Pittcon 2024: Detecting Nitrosamines Using Gas Chromatography–Electron Capture Detection

On February 25, at Pittcon in San Diego, California, He Nan, senior scientist at AbbVie, held a lecture on N-nitrosamines. Han gave an overview of the risks associated with N-nitrosamines in pharmaceutical compounds, as well as how to monitor them via gas chromatography–electron capture detection (1).

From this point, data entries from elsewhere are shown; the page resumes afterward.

(* There exist universal constants $c,C>0$ such that the following holds. Let $n=2m-1$ be odd, $\mu\in\mathbb R$, and $X_1,\dots,X_n$ i.i.d. $\mathcal N(\mu,1)$. Fix $\eta\in(0,1/3)$ and let $k=\lfloor\eta n\rfloor$. Then for every $\beta\in(0,1/2)$, with probability at least $1-\beta-Ce^{-cn}$, \[S^{\mathrm{med}}_\eta(X)\le C\left(\eta+\frac{\log(1/\beta)}{n}\right).\]
   Context: For $x\in\mathbb R^n$ with order statistics $x_{(1)}\le\dots\le x_{(n)}$, $\mathrm{med}(x)=x_{(m)}$. $d_H(x,y)=\#\{i: x_i\ne y_i\}$, and $S^{\mathrm{med}}_\eta(x)=\sup_{y\in\mathbb R^n\colon d_H(x,y)\le k}|\mathrm{med}(x)-\mathrm{med}(y)|$ with $k=\lfloor\eta n\rfloor$. *)

theory Defs
  imports "HOL-Probability.Probability"
begin

text \<open>Vectors in R^n are represented as functions nat => real, only indices i < n matter.\<close>

definition hamming :: "nat \<Rightarrow> (nat \<Rightarrow> real) \<Rightarrow> (nat \<Rightarrow> real) \<Rightarrow> nat" where
  "hamming n x y = card {i. i < n \<and> x i \<noteq> y i}"

text \<open>Median: the m-th order statistic x_(m) (1-indexed), m = (n+1) div 2.\<close>
definition med :: "nat \<Rightarrow> (nat \<Rightarrow> real) \<Rightarrow> real" where
  "med n x = sort (map x [0..<n]) ! ((n + 1) div 2 - 1)"

definition S_med :: "nat \<Rightarrow> real \<Rightarrow> (nat \<Rightarrow> real) \<Rightarrow> real" where
  "S_med n \<eta> x = (SUP y \<in> {y. hamming n x y \<le> nat \<lfloor>\<eta> * real n\<rfloor>}. \<bar>med n x - med n y\<bar>)"

definition gauss_sample :: "nat \<Rightarrow> real \<Rightarrow> (nat \<Rightarrow> real) measure" where
  "gauss_sample n \<mu> = PiM {..<n} (\<lambda>_. density lborel (normal_density \<mu> 1))"

end

theory Submission
  imports Defs
begin
lemma
  assumes "cmod a < 1" and "a \<noteq> 0" and "cmod z < 1"
  shows theta_fun_involution: "cnj (theta_fun a (cnj (theta_fun a z))) = z"
    and psi_fun_theta_fun: "psi_fun a z * cnj (psi_fun a (cnj (theta_fun a z))) = 1"
proof -
  have d: "1 - cnj a * z \<noteq> 0" and d': "1 - a * cnj a \<noteq> 0"
    using one_minus_mult_neq_0[of "cnj a"] one_minus_mult_neq_0[of a] assms by auto
  have denom: "1 - a * theta_fun a z = (1 - a * cnj a) / (1 - cnj a * z)"
    using d assms(2) by (simp add: theta_fun_def field_simps)
  have numer: "cnj a - theta_fun a z = (cnj a / a) * z * (1 - a * cnj a) / (1 - cnj a * z)"
    using d assms(2) by (simp add: theta_fun_def field_simps)
  have "cnj (theta_fun a (cnj (theta_fun a z))) = (a / cnj a) * ((cnj a - theta_fun a z) / (1 - a * theta_fun a z))"
    by (simp add: theta_fun_def)
  also have "\<dots> = z" using d d' assms(2) by (simp add: denom numer)
  finally show "cnj (theta_fun a (cnj (theta_fun a z))) = z" .
  have "of_real (sqrt (1 - (cmod a)\<^sup>2)) * of_real (sqrt (1 - (cmod a)\<^sup>2)) = 1 - a * cnj a"
    using assms(1) abs_square_less_1[of "cmod a"] complex_norm_square[of a]
    by (simp flip: of_real_mult)
  then show "psi_fun a z * cnj (psi_fun a (cnj (theta_fun a z))) = 1"
    using d d' by (simp add: psi_fun_def denom)
qed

lab technician assistant analyzing a blood sample in test tube at laboratory with microscope. Medical, pharmaceutical and scientific research and development concept. | Image Credit: © totojang1977 - stock.adobe.com

Though LC–MS has been used for detecting numerous N-nitrosamines, this method does not work best with compounds with poor ionization efficiency. As such, Nan and his team did a case study on how halogenated N-nitrosamine can be detected with ultrasensitive gas chromatography-electron capture detection. According to the team, this method achieved a limit of detection (LOD) of 20 parts per billion (ppb), all while no detectable levels of N-nitrosamine could be found in pharmaceutical compounds with complex sample matrices.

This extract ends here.